Work item: Repeat each of these records exactly.

Saved entries
* * * * * * * * *
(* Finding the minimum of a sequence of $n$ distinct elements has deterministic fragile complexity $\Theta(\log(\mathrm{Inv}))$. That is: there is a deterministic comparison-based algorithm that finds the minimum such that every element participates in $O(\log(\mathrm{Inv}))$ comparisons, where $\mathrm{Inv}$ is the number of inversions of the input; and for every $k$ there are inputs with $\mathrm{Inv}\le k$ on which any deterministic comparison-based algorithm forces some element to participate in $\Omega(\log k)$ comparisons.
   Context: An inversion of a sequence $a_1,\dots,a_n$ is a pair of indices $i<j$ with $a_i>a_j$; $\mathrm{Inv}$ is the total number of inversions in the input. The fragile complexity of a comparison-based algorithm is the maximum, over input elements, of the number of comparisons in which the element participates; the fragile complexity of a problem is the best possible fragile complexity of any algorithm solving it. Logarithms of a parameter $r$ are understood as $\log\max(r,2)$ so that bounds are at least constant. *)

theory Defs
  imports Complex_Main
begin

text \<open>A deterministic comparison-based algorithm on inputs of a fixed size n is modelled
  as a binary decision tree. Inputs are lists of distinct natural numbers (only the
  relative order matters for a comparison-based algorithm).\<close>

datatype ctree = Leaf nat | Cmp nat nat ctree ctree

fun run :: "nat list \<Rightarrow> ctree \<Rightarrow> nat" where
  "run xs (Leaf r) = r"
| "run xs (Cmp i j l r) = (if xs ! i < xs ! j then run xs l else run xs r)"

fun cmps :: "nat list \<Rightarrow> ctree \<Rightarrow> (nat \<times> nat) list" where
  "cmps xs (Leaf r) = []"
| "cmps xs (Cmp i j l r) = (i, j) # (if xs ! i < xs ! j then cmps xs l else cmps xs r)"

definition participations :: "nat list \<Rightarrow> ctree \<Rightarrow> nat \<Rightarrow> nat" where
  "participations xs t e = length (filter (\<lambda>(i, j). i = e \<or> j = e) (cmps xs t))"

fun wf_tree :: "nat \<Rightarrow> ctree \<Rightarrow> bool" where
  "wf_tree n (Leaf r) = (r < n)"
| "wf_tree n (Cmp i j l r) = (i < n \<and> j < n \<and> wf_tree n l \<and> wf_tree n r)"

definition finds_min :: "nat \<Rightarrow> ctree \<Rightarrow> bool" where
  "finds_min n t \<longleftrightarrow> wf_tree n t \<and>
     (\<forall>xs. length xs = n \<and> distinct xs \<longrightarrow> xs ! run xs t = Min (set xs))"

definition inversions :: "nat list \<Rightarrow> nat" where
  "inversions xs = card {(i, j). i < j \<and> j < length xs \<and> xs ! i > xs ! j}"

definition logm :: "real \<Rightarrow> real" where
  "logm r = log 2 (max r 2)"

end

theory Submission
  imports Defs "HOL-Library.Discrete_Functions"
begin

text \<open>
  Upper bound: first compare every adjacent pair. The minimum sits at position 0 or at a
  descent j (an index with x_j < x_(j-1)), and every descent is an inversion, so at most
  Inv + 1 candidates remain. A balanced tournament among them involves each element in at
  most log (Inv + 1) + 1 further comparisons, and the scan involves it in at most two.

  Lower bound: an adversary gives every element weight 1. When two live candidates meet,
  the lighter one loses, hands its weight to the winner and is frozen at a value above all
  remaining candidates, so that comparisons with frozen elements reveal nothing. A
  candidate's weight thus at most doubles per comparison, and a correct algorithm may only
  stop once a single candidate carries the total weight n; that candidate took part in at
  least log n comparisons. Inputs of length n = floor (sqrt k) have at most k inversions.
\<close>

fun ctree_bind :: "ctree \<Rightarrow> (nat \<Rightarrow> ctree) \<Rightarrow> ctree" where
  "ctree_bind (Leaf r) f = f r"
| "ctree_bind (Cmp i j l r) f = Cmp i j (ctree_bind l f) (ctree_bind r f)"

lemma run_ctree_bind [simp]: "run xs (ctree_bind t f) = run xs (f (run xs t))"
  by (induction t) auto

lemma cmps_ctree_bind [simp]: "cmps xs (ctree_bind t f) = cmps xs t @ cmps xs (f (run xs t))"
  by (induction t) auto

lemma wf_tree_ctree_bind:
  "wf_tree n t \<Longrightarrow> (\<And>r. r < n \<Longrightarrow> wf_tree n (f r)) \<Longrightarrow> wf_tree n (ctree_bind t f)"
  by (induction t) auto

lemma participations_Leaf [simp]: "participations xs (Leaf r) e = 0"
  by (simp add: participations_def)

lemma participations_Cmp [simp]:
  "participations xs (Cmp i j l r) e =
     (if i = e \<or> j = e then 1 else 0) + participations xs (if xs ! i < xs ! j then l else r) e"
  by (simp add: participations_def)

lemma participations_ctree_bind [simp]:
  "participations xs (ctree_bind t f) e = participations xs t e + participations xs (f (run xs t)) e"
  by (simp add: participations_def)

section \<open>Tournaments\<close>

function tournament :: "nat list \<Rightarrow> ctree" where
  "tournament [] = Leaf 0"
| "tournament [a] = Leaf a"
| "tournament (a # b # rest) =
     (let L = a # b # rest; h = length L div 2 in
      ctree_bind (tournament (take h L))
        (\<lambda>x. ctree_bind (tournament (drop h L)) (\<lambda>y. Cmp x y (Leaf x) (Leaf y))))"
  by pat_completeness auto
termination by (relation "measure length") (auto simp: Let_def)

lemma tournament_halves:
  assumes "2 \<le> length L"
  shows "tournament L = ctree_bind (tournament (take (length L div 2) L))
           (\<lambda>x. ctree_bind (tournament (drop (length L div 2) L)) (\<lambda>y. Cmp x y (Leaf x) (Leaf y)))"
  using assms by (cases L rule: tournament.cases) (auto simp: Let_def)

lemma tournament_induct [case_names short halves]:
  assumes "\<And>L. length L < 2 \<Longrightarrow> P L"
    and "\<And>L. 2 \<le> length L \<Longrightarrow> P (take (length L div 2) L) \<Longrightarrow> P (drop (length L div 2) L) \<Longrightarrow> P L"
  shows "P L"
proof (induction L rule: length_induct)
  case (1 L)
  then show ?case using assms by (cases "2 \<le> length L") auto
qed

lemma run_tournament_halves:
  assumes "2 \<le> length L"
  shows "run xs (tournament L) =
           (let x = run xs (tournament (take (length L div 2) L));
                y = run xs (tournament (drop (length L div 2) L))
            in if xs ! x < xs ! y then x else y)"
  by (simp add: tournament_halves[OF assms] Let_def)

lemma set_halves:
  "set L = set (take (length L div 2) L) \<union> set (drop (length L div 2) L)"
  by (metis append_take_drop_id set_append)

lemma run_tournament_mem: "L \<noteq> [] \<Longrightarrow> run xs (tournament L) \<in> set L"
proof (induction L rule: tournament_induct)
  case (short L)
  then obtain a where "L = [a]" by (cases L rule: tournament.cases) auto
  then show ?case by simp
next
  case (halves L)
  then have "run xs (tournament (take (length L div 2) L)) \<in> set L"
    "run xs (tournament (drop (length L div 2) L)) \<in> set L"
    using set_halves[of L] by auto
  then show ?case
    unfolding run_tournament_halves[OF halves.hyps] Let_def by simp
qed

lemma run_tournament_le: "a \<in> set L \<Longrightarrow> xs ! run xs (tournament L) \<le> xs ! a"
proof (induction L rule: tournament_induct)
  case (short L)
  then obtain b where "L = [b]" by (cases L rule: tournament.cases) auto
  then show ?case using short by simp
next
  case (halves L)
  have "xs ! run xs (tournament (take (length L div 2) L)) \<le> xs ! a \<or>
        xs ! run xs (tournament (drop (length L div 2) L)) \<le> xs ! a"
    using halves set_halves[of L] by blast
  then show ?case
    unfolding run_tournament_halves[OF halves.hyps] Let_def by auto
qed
* * * * * * * * *
Expected output:
(* Finding the minimum of a sequence of $n$ distinct elements has deterministic fragile complexity $\Theta(\log(\mathrm{Inv}))$. That is: there is a deterministic comparison-based algorithm that finds the minimum such that every element participates in $O(\log(\mathrm{Inv}))$ comparisons, where $\mathrm{Inv}$ is the number of inversions of the input; and for every $k$ there are inputs with $\mathrm{Inv}\le k$ on which any deterministic comparison-based algorithm forces some element to participate in $\Omega(\log k)$ comparisons.
   Context: An inversion of a sequence $a_1,\dots,a_n$ is a pair of indices $i<j$ with $a_i>a_j$; $\mathrm{Inv}$ is the total number of inversions in the input. The fragile complexity of a comparison-based algorithm is the maximum, over input elements, of the number of comparisons in which the element participates; the fragile complexity of a problem is the best possible fragile complexity of any algorithm solving it. Logarithms of a parameter $r$ are understood as $\log\max(r,2)$ so that bounds are at least constant. *)

theory Defs
  imports Complex_Main
begin

text \<open>A deterministic comparison-based algorithm on inputs of a fixed size n is modelled
  as a binary decision tree. Inputs are lists of distinct natural numbers (only the
  relative order matters for a comparison-based algorithm).\<close>

datatype ctree = Leaf nat | Cmp nat nat ctree ctree

fun run :: "nat list \<Rightarrow> ctree \<Rightarrow> nat" where
  "run xs (Leaf r) = r"
| "run xs (Cmp i j l r) = (if xs ! i < xs ! j then run xs l else run xs r)"

fun cmps :: "nat list \<Rightarrow> ctree \<Rightarrow> (nat \<times> nat) list" where
  "cmps xs (Leaf r) = []"
| "cmps xs (Cmp i j l r) = (i, j) # (if xs ! i < xs ! j then cmps xs l else cmps xs r)"

definition participations :: "nat list \<Rightarrow> ctree \<Rightarrow> nat \<Rightarrow> nat" where
  "participations xs t e = length (filter (\<lambda>(i, j). i = e \<or> j = e) (cmps xs t))"

fun wf_tree :: "nat \<Rightarrow> ctree \<Rightarrow> bool" where
  "wf_tree n (Leaf r) = (r < n)"
| "wf_tree n (Cmp i j l r) = (i < n \<and> j < n \<and> wf_tree n l \<and> wf_tree n r)"

definition finds_min :: "nat \<Rightarrow> ctree \<Rightarrow> bool" where
  "finds_min n t \<longleftrightarrow> wf_tree n t \<and>
     (\<forall>xs. length xs = n \<and> distinct xs \<longrightarrow> xs ! run xs t = Min (set xs))"

definition inversions :: "nat list \<Rightarrow> nat" where
  "inversions xs = card {(i, j). i < j \<and> j < length xs \<and> xs ! i > xs ! j}"

definition logm :: "real \<Rightarrow> real" where
  "logm r = log 2 (max r 2)"

end

theory Submission
  imports Defs "HOL-Library.Discrete_Functions"
begin

text \<open>
  Upper bound: first compare every adjacent pair. The minimum sits at position 0 or at a
  descent j (an index with x_j < x_(j-1)), and every descent is an inversion, so at most
  Inv + 1 candidates remain. A balanced tournament among them involves each element in at
  most log (Inv + 1) + 1 further comparisons, and the scan involves it in at most two.

  Lower bound: an adversary gives every element weight 1. When two live candidates meet,
  the lighter one loses, hands its weight to the winner and is frozen at a value above all
  remaining candidates, so that comparisons with frozen elements reveal nothing. A
  candidate's weight thus at most doubles per comparison, and a correct algorithm may only
  stop once a single candidate carries the total weight n; that candidate took part in at
  least log n comparisons. Inputs of length n = floor (sqrt k) have at most k inversions.
\<close>

fun ctree_bind :: "ctree \<Rightarrow> (nat \<Rightarrow> ctree) \<Rightarrow> ctree" where
  "ctree_bind (Leaf r) f = f r"
| "ctree_bind (Cmp i j l r) f = Cmp i j (ctree_bind l f) (ctree_bind r f)"

lemma run_ctree_bind [simp]: "run xs (ctree_bind t f) = run xs (f (run xs t))"
  by (induction t) auto

lemma cmps_ctree_bind [simp]: "cmps xs (ctree_bind t f) = cmps xs t @ cmps xs (f (run xs t))"
  by (induction t) auto

lemma wf_tree_ctree_bind:
  "wf_tree n t \<Longrightarrow> (\<And>r. r < n \<Longrightarrow> wf_tree n (f r)) \<Longrightarrow> wf_tree n (ctree_bind t f)"
  by (induction t) auto

lemma participations_Leaf [simp]: "participations xs (Leaf r) e = 0"
  by (simp add: participations_def)

lemma participations_Cmp [simp]:
  "participations xs (Cmp i j l r) e =
     (if i = e \<or> j = e then 1 else 0) + participations xs (if xs ! i < xs ! j then l else r) e"
  by (simp add: participations_def)

lemma participations_ctree_bind [simp]:
  "participations xs (ctree_bind t f) e = participations xs t e + participations xs (f (run xs t)) e"
  by (simp add: participations_def)

section \<open>Tournaments\<close>

function tournament :: "nat list \<Rightarrow> ctree" where
  "tournament [] = Leaf 0"
| "tournament [a] = Leaf a"
| "tournament (a # b # rest) =
     (let L = a # b # rest; h = length L div 2 in
      ctree_bind (tournament (take h L))
        (\<lambda>x. ctree_bind (tournament (drop h L)) (\<lambda>y. Cmp x y (Leaf x) (Leaf y))))"
  by pat_completeness auto
termination by (relation "measure length") (auto simp: Let_def)

lemma tournament_halves:
  assumes "2 \<le> length L"
  shows "tournament L = ctree_bind (tournament (take (length L div 2) L))
           (\<lambda>x. ctree_bind (tournament (drop (length L div 2) L)) (\<lambda>y. Cmp x y (Leaf x) (Leaf y)))"
  using assms by (cases L rule: tournament.cases) (auto simp: Let_def)

lemma tournament_induct [case_names short halves]:
  assumes "\<And>L. length L < 2 \<Longrightarrow> P L"
    and "\<And>L. 2 \<le> length L \<Longrightarrow> P (take (length L div 2) L) \<Longrightarrow> P (drop (length L div 2) L) \<Longrightarrow> P L"
  shows "P L"
proof (induction L rule: length_induct)
  case (1 L)
  then show ?case using assms by (cases "2 \<le> length L") auto
qed

lemma run_tournament_halves:
  assumes "2 \<le> length L"
  shows "run xs (tournament L) =
           (let x = run xs (tournament (take (length L div 2) L));
                y = run xs (tournament (drop (length L div 2) L))
            in if xs ! x < xs ! y then x else y)"
  by (simp add: tournament_halves[OF assms] Let_def)

lemma set_halves:
  "set L = set (take (length L div 2) L) \<union> set (drop (length L div 2) L)"
  by (metis append_take_drop_id set_append)

lemma run_tournament_mem: "L \<noteq> [] \<Longrightarrow> run xs (tournament L) \<in> set L"
proof (induction L rule: tournament_induct)
  case (short L)
  then obtain a where "L = [a]" by (cases L rule: tournament.cases) auto
  then show ?case by simp
next
  case (halves L)
  then have "run xs (tournament (take (length L div 2) L)) \<in> set L"
    "run xs (tournament (drop (length L div 2) L)) \<in> set L"
    using set_halves[of L] by auto
  then show ?case
    unfolding run_tournament_halves[OF halves.hyps] Let_def by simp
qed

lemma run_tournament_le: "a \<in> set L \<Longrightarrow> xs ! run xs (tournament L) \<le> xs ! a"
proof (induction L rule: tournament_induct)
  case (short L)
  then obtain b where "L = [b]" by (cases L rule: tournament.cases) auto
  then show ?case using short by simp
next
  case (halves L)
  have "xs ! run xs (tournament (take (length L div 2) L)) \<le> xs ! a \<or>
        xs ! run xs (tournament (drop (length L div 2) L)) \<le> xs ! a"
    using halves set_halves[of L] by blast
  then show ?case
    unfolding run_tournament_halves[OF halves.hyps] Let_def by auto
qed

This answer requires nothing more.